Hay cantidad de aspectos de la conciencia fenoménica que se nos imponen, de los cuales no podemos sustraernos; datos prefilosóficos. McGinn: intentar ir más allá, demandar una explicación ulterior, está condenado al fracaso; se trata de un misterio condenado a permanecer irresoluble. ¿Hay algo que nos obligue a pensar que hay un fondo de realidad en nuestra experiencia conciencia? ¿Es solamente una ilusión? ¿Puede ser real e ilusión? Aspectos de la conciencia fenoménica: 1) forma de aspectualidad subjetiva en todas nuestras experiencias, en cuanto conscientes; 2) es constitutivo de tener un punto de vista sobre el mundo (subjetivo). La conciencia de un mundo objetivo depende de la autoconciencia.
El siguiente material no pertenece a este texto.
lemma slowly_varying_comparable:
  assumes sv: "slowly_varying b"
  obtains K where "K > 0"
    "\<And>R s t. 0 < s \<Longrightarrow> 0 < t \<Longrightarrow> s \<le> R * t \<Longrightarrow> t \<le> R * s \<Longrightarrow> b s \<le> K * R * b t"
proof -
  obtain bp bm where
    bp: "mono_on {0<..} bp" "approx_on {0<..} (\<lambda>t. t powr 1 * b t) bp" and
    bm: "antimono_on {0<..} bm" "approx_on {0<..} (\<lambda>t. t powr (-1) * b t) bm"
    using sv zero_less_one unfolding slowly_varying_def by blast
  obtain Cp where "Cp > 0" and
    Cp': "\<And>s t. s \<in> {0<..} \<Longrightarrow> t \<in> {0<..} \<Longrightarrow> s \<le> t \<Longrightarrow> s powr 1 * b s \<le> Cp * (t powr 1 * b t)"
    using approx_on_mono_on_imp_almost_mono[OF bp(2,1)] by blast
  have Cp: "s * b s \<le> Cp * (t * b t)" if "0 < s" "s \<le> t" for s t
    using Cp'[of s t] that by simp
  obtain Cm where "Cm > 0" and
    Cm': "\<And>s t. s \<in> {0<..} \<Longrightarrow> t \<in> {0<..} \<Longrightarrow> s \<le> t \<Longrightarrow> t powr (-1) * b t \<le> Cm * (s powr (-1) * b s)"
    using approx_on_antimono_on_imp_almost_antimono[OF bm(2,1)] by blast
  have Cm: "b t / t \<le> Cm * (b s / s)" if "0 < s" "s \<le> t" for s t
    using Cm'[of s t] that by (simp add: powr_minus divide_inverse mult.commute)
  have "b s \<le> (Cp + Cm) * R * b t" if st: "0 < s" "0 < t" "s \<le> R * t" "t \<le> R * s" for R s t
  proof (cases "s \<le> t")
    case True
    have "b s \<le> Cp * (t / s) * b t" using Cp[OF st(1) True] st(1) by (simp add: field_simps)
    also have "\<dots> \<le> (Cp + Cm) * R * b t"
      using st \<open>Cp > 0\<close> \<open>Cm > 0\<close> slowly_varying_pos[OF sv st(2)]
      by (intro mult_right_mono mult_mono) (simp_all add: divide_le_eq)
    finally show ?thesis .
  next
    case False
    have "b s \<le> Cm * (s / t) * b t" using Cm[of t s] False st(1,2) by (simp add: field_simps)
    also have "\<dots> \<le> (Cp + Cm) * R * b t"
      using st \<open>Cp > 0\<close> \<open>Cm > 0\<close> slowly_varying_pos[OF sv st(2)]
      by (intro mult_right_mono mult_mono) (simp_all add: divide_le_eq)
    finally show ?thesis .
  qed
  moreover have "Cp + Cm > 0" using \<open>Cp > 0\<close> \<open>Cm > 0\<close> by simp
  ultimately show thesis using that by blast
qed

lemma slowly_varying_bounded_on_interval:
  assumes sv: "slowly_varying b" and "0 < a"
  obtains m U where "0 < m" "\<And>s. a \<le> s \<Longrightarrow> s \<le> M \<Longrightarrow> m \<le> b s \<and> b s \<le> U"
proof -
  obtain K where "K > 0" and K:
    "\<And>R s t. 0 < s \<Longrightarrow> 0 < t \<Longrightarrow> s \<le> R * t \<Longrightarrow> t \<le> R * s \<Longrightarrow> b s \<le> K * R * b t"
    using slowly_varying_comparable[OF sv] by blast
  define R where "R = max 1 (M / a)"
  have "R \<ge> 1" by (simp add: R_def)
  have "b s \<le> K * R * b a \<and> b a \<le> K * R * b s" if "a \<le> s" "s \<le> M" for s
  proof -
    have "M \<le> R * a"
      using \<open>0 < a\<close> mult_right_mono[OF max.cobounded2[of "M / a" 1], of a] by (simp add: R_def)
    then have "s \<le> R * a" using that by linarith
    moreover have "a \<le> R * s"
      using that \<open>0 < a\<close> \<open>R \<ge> 1\<close> mult_right_mono[of 1 R s] by linarith
    ultimately show ?thesis using K \<open>0 < a\<close> that by auto
  qed
  moreover have "0 < K * R" using \<open>K > 0\<close> \<open>R \<ge> 1\<close> by simp
  ultimately have "b a / (K * R) \<le> b s \<and> b s \<le> K * R * b a" if "a \<le> s" "s \<le> M" for s
    using that by (simp add: pos_divide_le_eq mult.commute)
  moreover have "0 < b a / (K * R)"
    using slowly_varying_pos[OF sv \<open>0 < a\<close>] \<open>0 < K * R\<close> by simp
  ultimately show thesis using that by blast
qed
(* Let $\alpha,\beta\in(0,1)$, and let $u\in C([0,1],L(\mathbb{R}^n,\mathbb{R}^m))$, $v\in\mathcal{C}^\alpha(L(\mathbb{R}^d,\mathbb{R}^n))$ and $w\in\mathcal{C}^\beta(\mathbb{R}^d)$. Then \[ \|\pi_<(u,\pi_<(v,w))-\pi_<(uv,w)\|_{\alpha+\beta}\lesssim\|u\|_\infty\|v\|_\alpha\|w\|_\beta. \]
   Context: Index set: pairs $(p,m)$ with either $p=-1,m=0$, or $p\in\mathbb{N}=\{0,1,2,\dots\}$ and $0\le m\le 2^p$. For $p\in\mathbb{N}$, $1\le m\le 2^p$ set $t^0_{pm}=(m-1)2^{-p}$, $t^1_{pm}=(2m-1)2^{-p-1}$, $t^2_{pm}=m2^{-p}$. Rescaled Haar functions: for $p\in\mathbb{N}$, $1\le m\le 2^p$, $\chi_{pm}=2^p$ on $[t^0_{pm},t^1_{pm})$, $=-2^p$ on $[t^1_{pm},t^2_{pm})$, $=0$ elsewhere; $\chi_{00}\equiv1$; $\chi_{p0}\equiv0$ for $p\ge1$. Rescaled Schauder functions: $\varphi_{pm}(t)=\int_0^t\chi_{pm}(s)\,ds$ for $p\in\mathbb{N}$, and $\varphi_{-10}\equiv1$. For continuous $f:[0,1]\to E$ ($E$ a finite-dimensional normed space), coefficients: $f_{-10}=f(0)$, $f_{00}=f(1)-f(0)$, $f_{p0}=0$ for $p\ge1$, $f_{pm}=2f(t^1_{pm})-f(t^0_{pm})-f(t^2_{pm})$ for $p\in\mathbb{N},m\ge1$. Schauder blocks: $\Delta_pf=\sum_{m=0}^{2^p}f_{pm}\varphi_{pm}$ ($p\ge-1$), $S_pf=\sum_{q=-1}^p\Delta_qf$. For $\alpha>0$, $\|f\|_\alpha:=\sup_{p,m}2^{p\alpha}|f_{pm}|$ and $\mathcal{C}^\alpha(E):=\{f\in C([0,1],E):\|f\|_\alpha<\infty\}$. Paraproduct: $\pi_<(v,w):=\sum_{p\ge0}S_{p-1}v\,\Delta_pw$ (products are compositions/applications of linear maps). $\|\cdot\|_\infty$ is the sup norm; $\lesssim$ hides a constant depending only on $\alpha,\beta$. *)

theory Defs
  imports "HOL-Analysis.Analysis"
begin

text \<open>Conventions: a vector in R^k is a function x :: nat \<Rightarrow> real of which only the
coordinates i < k are used; a linear map in L(R^n,R^m) is a matrix
A :: nat \<Rightarrow> nat \<Rightarrow> real of which only the entries A i j with i < m, j < n are used.
Dimensions are explicit natural numbers so that the constant can be chosen
independently of them.\<close>

definition vnorm :: "nat \<Rightarrow> (nat \<Rightarrow> real) \<Rightarrow> real" where
  "vnorm k x = sqrt (\<Sum>i<k. (x i)\<^sup>2)"

definition matvec :: "nat \<Rightarrow> (nat \<Rightarrow> nat \<Rightarrow> real) \<Rightarrow> (nat \<Rightarrow> real) \<Rightarrow> (nat \<Rightarrow> real)" where
  "matvec n A x = (\<lambda>i. \<Sum>j<n. A i j * x j)"

definition matmul :: "nat \<Rightarrow> (nat \<Rightarrow> nat \<Rightarrow> real) \<Rightarrow> (nat \<Rightarrow> nat \<Rightarrow> real) \<Rightarrow> (nat \<Rightarrow> nat \<Rightarrow> real)" where
  "matmul n A B = (\<lambda>i j. \<Sum>k<n. A i k * B k j)"

definition opnorm :: "nat \<Rightarrow> nat \<Rightarrow> (nat \<Rightarrow> nat \<Rightarrow> real) \<Rightarrow> real" where
  "opnorm m n A = Sup {vnorm m (matvec n A x) | x. vnorm n x \<le> 1}"

definition tt0 :: "nat \<Rightarrow> nat \<Rightarrow> real" where "tt0 p m = (real m - 1) / 2 ^ p"
definition tt1 :: "nat \<Rightarrow> nat \<Rightarrow> real" where "tt1 p m = (2 * real m - 1) / 2 ^ (p + 1)"
definition tt2 :: "nat \<Rightarrow> nat \<Rightarrow> real" where "tt2 p m = real m / 2 ^ p"

definition haar :: "nat \<Rightarrow> nat \<Rightarrow> real \<Rightarrow> real" where
  "haar p m s =
     (if m = 0 then (if p = 0 then 1 else 0)
      else if tt0 p m \<le> s \<and> s < tt1 p m then 2 ^ p
      else if tt1 p m \<le> s \<and> s < tt2 p m then - (2 ^ p)
      else 0)"

text \<open>Rescaled Schauder functions phi_pm, p \<in> N (phi_{-1,0} = 1 is handled separately).\<close>
definition schauder :: "nat \<Rightarrow> nat \<Rightarrow> real \<Rightarrow> real" where
  "schauder p m t = integral {0..t} (haar p m)"

text \<open>Schauder coefficients f_pm (p \<in> N) of a scalar function; f_{-1,0} = f 0.\<close>
definition scoef :: "(real \<Rightarrow> real) \<Rightarrow> nat \<Rightarrow> nat \<Rightarrow> real" where
  "scoef f p m =
     (if m = 0 then (if p = 0 then f 1 - f 0 else 0)
      else 2 * f (tt1 p m) - f (tt0 p m) - f (tt2 p m))"

text \<open>Schauder block Delta_p f for p \<in> N (Delta_{-1} f = f 0).\<close>
definition sdelta :: "(real \<Rightarrow> real) \<Rightarrow> nat \<Rightarrow> real \<Rightarrow> real" where
  "sdelta f p t = (\<Sum>m\<in>{0..2 ^ p}. scoef f p m * schauder p m t)"

text \<open>Partial sums S_p f = sum_{q=-1}^p Delta_q f, for integer p \<ge> -1.\<close>
definition spart :: "(real \<Rightarrow> real) \<Rightarrow> int \<Rightarrow> real \<Rightarrow> real" where
  "spart f p t = f 0 + (\<Sum>q<nat (p + 1). sdelta f q t)"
¿Cómo motivar que existe algo así como la conciencia fenoménica? Uno puede tener dos experiencias con el mismo contenido sobre el mundo pero diferente fenomenología. Espectro invertido: podría ocurrir que aquello que todos denominamos rojo es experimentado por mí como aquello a lo que todos denomináis azul. El contenido y la descripción funcional de esos estados es equivalente, pero la experiencia es diferente. Si esto es posible (no sólo concebible), parece que puede haber variaciones en el carácter fenoménico de las experiencias. Otro tipo de argumentos van en la línea de los qualia ausentes (no invertidos). Se supone que no pueden ser tratadas de manera relacional, como sí pueden serlo otras propiedades. El propio rasgo que caracteriza el estado es lo que le hace introspectible; es en virtud de tener tal o cual característica cualitativa que puedo tener conocimiento de que estoy en un tal estado, bajo una conciencia de familiaridad inmediata. Si estos qualia son reales en el mundo, deben tener algún tipo de poder causal en él.